What follows is a set of records; repeat all of them exactly.

========================================================================

definition edge_rel :: "nat set set \<Rightarrow> nat set \<Rightarrow> (nat \<times> nat) set" where
  "edge_rel E S = {(a, b). {a, b} \<in> E \<and> a \<in> S \<and> b \<in> S}"

definition connected_in :: "nat set set \<Rightarrow> nat set \<Rightarrow> bool" where
  "connected_in E S \<longleftrightarrow> (\<forall>u\<in>S. \<forall>v\<in>S. (u, v) \<in> (edge_rel E S)\<^sup>*)"

definition is_tree :: "nat set \<Rightarrow> nat set set \<Rightarrow> bool" where
  "is_tree N E \<longleftrightarrow> finite N \<and> N \<noteq> {} \<and>
     (\<forall>e\<in>E. \<exists>a b. a \<in> N \<and> b \<in> N \<and> a \<noteq> b \<and> e = {a, b}) \<and>
     connected_in E N \<and> card E = card N - 1"

definition is_tree_decomp :: "'v query \<Rightarrow> nat set \<Rightarrow> nat set set \<Rightarrow> (nat \<Rightarrow> 'v set) \<Rightarrow> bool" where
  "is_tree_decomp P N E bag \<longleftrightarrow> is_tree N E \<and>
     (\<forall>t\<in>N. bag t \<subseteq> qvars P) \<and>
     (\<forall>A\<in>set P. \<exists>t\<in>N. A \<subseteq> bag t) \<and>
     (\<forall>x. connected_in E {t\<in>N. x \<in> bag t})"

definition fhw :: "'v query \<Rightarrow> real" where
  "fhw P = Inf {Max ((\<lambda>t. frac_edge_cover P (bag t)) ` N) | N E bag. is_tree_decomp P N E bag}"

text \<open>Width of the multivariate extension (union of all components): maximum over components.\<close>

definition fhw_mv_ext :: "'v query \<Rightarrow> real" where
  "fhw_mv_ext Q = Max {fhw (mv_component Q \<sigma>) | \<sigma>. \<sigma> permutes {..<length Q}}"

end

theory Submission
  imports Defs
begin

text \<open>If Q is not hierarchical, there are variables x and y and atoms containing both of
  them, only x, and only y. Order the atoms so that those containing both x and y come
  first, at positions below a. In the corresponding component of the multivariate
  extension the fresh variable Z_a occurs exactly in the later atoms, so x, y and Z_a are
  pairwise covered by atoms while no atom contains all three. In a tree decomposition the
  subtrees of bags containing x, y and Z_a then intersect pairwise, hence by the Helly
  property of subtrees some bag contains all three; since every atom covers at most two of
  them, a fractional edge cover of that bag has weight at least 3/2.\<close>

lemma card_Un_Int3:
  assumes "finite A" "finite B" "finite C"
  shows "card A + card B + card C + card (A \<inter> B \<inter> C)
    = card (A \<union> B \<union> C) + card (A \<inter> B) + card (A \<inter> C) + card (B \<inter> C)"
proof -
  have "card (A \<union> B) + card C = card (A \<union> B \<union> C) + card ((A \<inter> C) \<union> (B \<inter> C))"
    using card_Un_Int[of "A \<union> B" C] assms by (simp add: Int_Un_distrib2)
  moreover have "card A + card B = card (A \<union> B) + card (A \<inter> B)"
    using card_Un_Int[OF assms(1,2)] .
  moreover have "card (A \<inter> C) + card (B \<inter> C) = card ((A \<inter> C) \<union> (B \<inter> C)) + card (A \<inter> B \<inter> C)"
    using card_Un_Int[of "A \<inter> C" "B \<inter> C"] assms by (simp add: Int_left_commute inf_commute)
  ultimately show ?thesis by linarith
qed

definition edges_within :: "nat set set \<Rightarrow> nat set \<Rightarrow> nat set set" where
  "edges_within E S = {e\<in>E. e \<subseteq> S}"

lemma edges_within_Int: "edges_within E (A \<inter> B) = edges_within E A \<inter> edges_within E B"
  by (auto simp: edges_within_def)

lemma rtrancl_edge_rel_enters:
  assumes "(u, s) \<in> (edge_rel E V)\<^sup>*" "u \<notin> S" "s \<in> S"
  shows "\<exists>a b. {a, b} \<in> E \<and> a \<in> V \<and> b \<in> V \<and> a \<notin> S \<and> b \<in> S"
  using assms
proof (induction rule: rtrancl_induct)
  case (step y z)
  then show ?case
    by (cases "y \<in> S") (auto simp: edge_rel_def)
qed simp

text \<open>Growing S one node at a time along paths into S, each new node brings a new edge.\<close>

lemma card_Diff_le_card_edges_within_Diff:
  assumes "finite E" "finite V" "S \<subseteq> V"
    and "\<forall>v\<in>V. \<exists>s\<in>S. (v, s) \<in> (edge_rel E V)\<^sup>*"
  shows "card (V - S) \<le> card (edges_within E V - edges_within E S)"
  using assms(3,4)
proof (induction "card (V - S)" arbitrary: S)
  case (Suc n S)
  obtain v where "v \<in> V - S"
    using Suc.hyps(2) by (metis card.empty all_not_in_conv nat.distinct(1))
  then obtain s where "s \<in> S" "(v, s) \<in> (edge_rel E V)\<^sup>*"
    using Suc.prems(2) by blast
  then obtain a b where ab: "{a, b} \<in> E" "a \<in> V" "b \<in> V" "a \<notin> S" "b \<in> S"
    using rtrancl_edge_rel_enters \<open>v \<in> V - S\<close> by blast
  let ?F = "edges_within E V - edges_within E S"
  have card_Diff: "card (V - S) = Suc (card (V - insert a S))"
    using ab assms(2) card_Suc_Diff1[of "V - S" a] by (metis DiffI Diff_insert finite_Diff)
  have "card (V - insert a S) \<le> card (edges_within E V - edges_within E (insert a S))"
  proof (rule Suc.hyps(1))
    show "n = card (V - insert a S)" using card_Diff Suc.hyps(2) by simp
    show "insert a S \<subseteq> V" using ab Suc.prems(1) by blast
    show "\<forall>v\<in>V. \<exists>s\<in>insert a S. (v, s) \<in> (edge_rel E V)\<^sup>*" using Suc.prems(2) by blast
  qed
  also have "\<dots> \<le> card (?F - {{a, b}})"
    using assms(1) ab by (intro card_mono) (auto simp: edges_within_def)
  also have "\<dots> < card ?F"
    using ab assms(1) by (intro card_Diff1_less) (auto simp: edges_within_def)
  finally show ?case using card_Diff by simp
qed simp

lemma is_tree_edge_subset: "is_tree N E \<Longrightarrow> e \<in> E \<Longrightarrow> e \<subseteq> N"
  unfolding is_tree_def by fastforce

lemma is_tree_finite_edges: "is_tree N E \<Longrightarrow> finite E"
proof -
  assume tree: "is_tree N E"
  then have "E \<subseteq> Pow N" and "finite N"
    using is_tree_edge_subset by (auto simp: is_tree_def)
  then show "finite E"
    using finite_subset by blast
qed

========================================================================

**TASK OUTPUT**.
definition edge_rel :: "nat set set \<Rightarrow> nat set \<Rightarrow> (nat \<times> nat) set" where
  "edge_rel E S = {(a, b). {a, b} \<in> E \<and> a \<in> S \<and> b \<in> S}"

definition connected_in :: "nat set set \<Rightarrow> nat set \<Rightarrow> bool" where
  "connected_in E S \<longleftrightarrow> (\<forall>u\<in>S. \<forall>v\<in>S. (u, v) \<in> (edge_rel E S)\<^sup>*)"

definition is_tree :: "nat set \<Rightarrow> nat set set \<Rightarrow> bool" where
  "is_tree N E \<longleftrightarrow> finite N \<and> N \<noteq> {} \<and>
     (\<forall>e\<in>E. \<exists>a b. a \<in> N \<and> b \<in> N \<and> a \<noteq> b \<and> e = {a, b}) \<and>
     connected_in E N \<and> card E = card N - 1"

definition is_tree_decomp :: "'v query \<Rightarrow> nat set \<Rightarrow> nat set set \<Rightarrow> (nat \<Rightarrow> 'v set) \<Rightarrow> bool" where
  "is_tree_decomp P N E bag \<longleftrightarrow> is_tree N E \<and>
     (\<forall>t\<in>N. bag t \<subseteq> qvars P) \<and>
     (\<forall>A\<in>set P. \<exists>t\<in>N. A \<subseteq> bag t) \<and>
     (\<forall>x. connected_in E {t\<in>N. x \<in> bag t})"

definition fhw :: "'v query \<Rightarrow> real" where
  "fhw P = Inf {Max ((\<lambda>t. frac_edge_cover P (bag t)) ` N) | N E bag. is_tree_decomp P N E bag}"

text \<open>Width of the multivariate extension (union of all components): maximum over components.\<close>

definition fhw_mv_ext :: "'v query \<Rightarrow> real" where
  "fhw_mv_ext Q = Max {fhw (mv_component Q \<sigma>) | \<sigma>. \<sigma> permutes {..<length Q}}"

end

theory Submission
  imports Defs
begin

text \<open>If Q is not hierarchical, there are variables x and y and atoms containing both of
  them, only x, and only y. Order the atoms so that those containing both x and y come
  first, at positions below a. In the corresponding component of the multivariate
  extension the fresh variable Z_a occurs exactly in the later atoms, so x, y and Z_a are
  pairwise covered by atoms while no atom contains all three. In a tree decomposition the
  subtrees of bags containing x, y and Z_a then intersect pairwise, hence by the Helly
  property of subtrees some bag contains all three; since every atom covers at most two of
  them, a fractional edge cover of that bag has weight at least 3/2.\<close>

lemma card_Un_Int3:
  assumes "finite A" "finite B" "finite C"
  shows "card A + card B + card C + card (A \<inter> B \<inter> C)
    = card (A \<union> B \<union> C) + card (A \<inter> B) + card (A \<inter> C) + card (B \<inter> C)"
proof -
  have "card (A \<union> B) + card C = card (A \<union> B \<union> C) + card ((A \<inter> C) \<union> (B \<inter> C))"
    using card_Un_Int[of "A \<union> B" C] assms by (simp add: Int_Un_distrib2)
  moreover have "card A + card B = card (A \<union> B) + card (A \<inter> B)"
    using card_Un_Int[OF assms(1,2)] .
  moreover have "card (A \<inter> C) + card (B \<inter> C) = card ((A \<inter> C) \<union> (B \<inter> C)) + card (A \<inter> B \<inter> C)"
    using card_Un_Int[of "A \<inter> C" "B \<inter> C"] assms by (simp add: Int_left_commute inf_commute)
  ultimately show ?thesis by linarith
qed

definition edges_within :: "nat set set \<Rightarrow> nat set \<Rightarrow> nat set set" where
  "edges_within E S = {e\<in>E. e \<subseteq> S}"

lemma edges_within_Int: "edges_within E (A \<inter> B) = edges_within E A \<inter> edges_within E B"
  by (auto simp: edges_within_def)

lemma rtrancl_edge_rel_enters:
  assumes "(u, s) \<in> (edge_rel E V)\<^sup>*" "u \<notin> S" "s \<in> S"
  shows "\<exists>a b. {a, b} \<in> E \<and> a \<in> V \<and> b \<in> V \<and> a \<notin> S \<and> b \<in> S"
  using assms
proof (induction rule: rtrancl_induct)
  case (step y z)
  then show ?case
    by (cases "y \<in> S") (auto simp: edge_rel_def)
qed simp

text \<open>Growing S one node at a time along paths into S, each new node brings a new edge.\<close>

lemma card_Diff_le_card_edges_within_Diff:
  assumes "finite E" "finite V" "S \<subseteq> V"
    and "\<forall>v\<in>V. \<exists>s\<in>S. (v, s) \<in> (edge_rel E V)\<^sup>*"
  shows "card (V - S) \<le> card (edges_within E V - edges_within E S)"
  using assms(3,4)
proof (induction "card (V - S)" arbitrary: S)
  case (Suc n S)
  obtain v where "v \<in> V - S"
    using Suc.hyps(2) by (metis card.empty all_not_in_conv nat.distinct(1))
  then obtain s where "s \<in> S" "(v, s) \<in> (edge_rel E V)\<^sup>*"
    using Suc.prems(2) by blast
  then obtain a b where ab: "{a, b} \<in> E" "a \<in> V" "b \<in> V" "a \<notin> S" "b \<in> S"
    using rtrancl_edge_rel_enters \<open>v \<in> V - S\<close> by blast
  let ?F = "edges_within E V - edges_within E S"
  have card_Diff: "card (V - S) = Suc (card (V - insert a S))"
    using ab assms(2) card_Suc_Diff1[of "V - S" a] by (metis DiffI Diff_insert finite_Diff)
  have "card (V - insert a S) \<le> card (edges_within E V - edges_within E (insert a S))"
  proof (rule Suc.hyps(1))
    show "n = card (V - insert a S)" using card_Diff Suc.hyps(2) by simp
    show "insert a S \<subseteq> V" using ab Suc.prems(1) by blast
    show "\<forall>v\<in>V. \<exists>s\<in>insert a S. (v, s) \<in> (edge_rel E V)\<^sup>*" using Suc.prems(2) by blast
  qed
  also have "\<dots> \<le> card (?F - {{a, b}})"
    using assms(1) ab by (intro card_mono) (auto simp: edges_within_def)
  also have "\<dots> < card ?F"
    using ab assms(1) by (intro card_Diff1_less) (auto simp: edges_within_def)
  finally show ?case using card_Diff by simp
qed simp

lemma is_tree_edge_subset: "is_tree N E \<Longrightarrow> e \<in> E \<Longrightarrow> e \<subseteq> N"
  unfolding is_tree_def by fastforce

lemma is_tree_finite_edges: "is_tree N E \<Longrightarrow> finite E"
proof -
  assume tree: "is_tree N E"
  then have "E \<subseteq> Pow N" and "finite N"
    using is_tree_edge_subset by (auto simp: is_tree_def)
  then show "finite E"
    using finite_subset by blast
qed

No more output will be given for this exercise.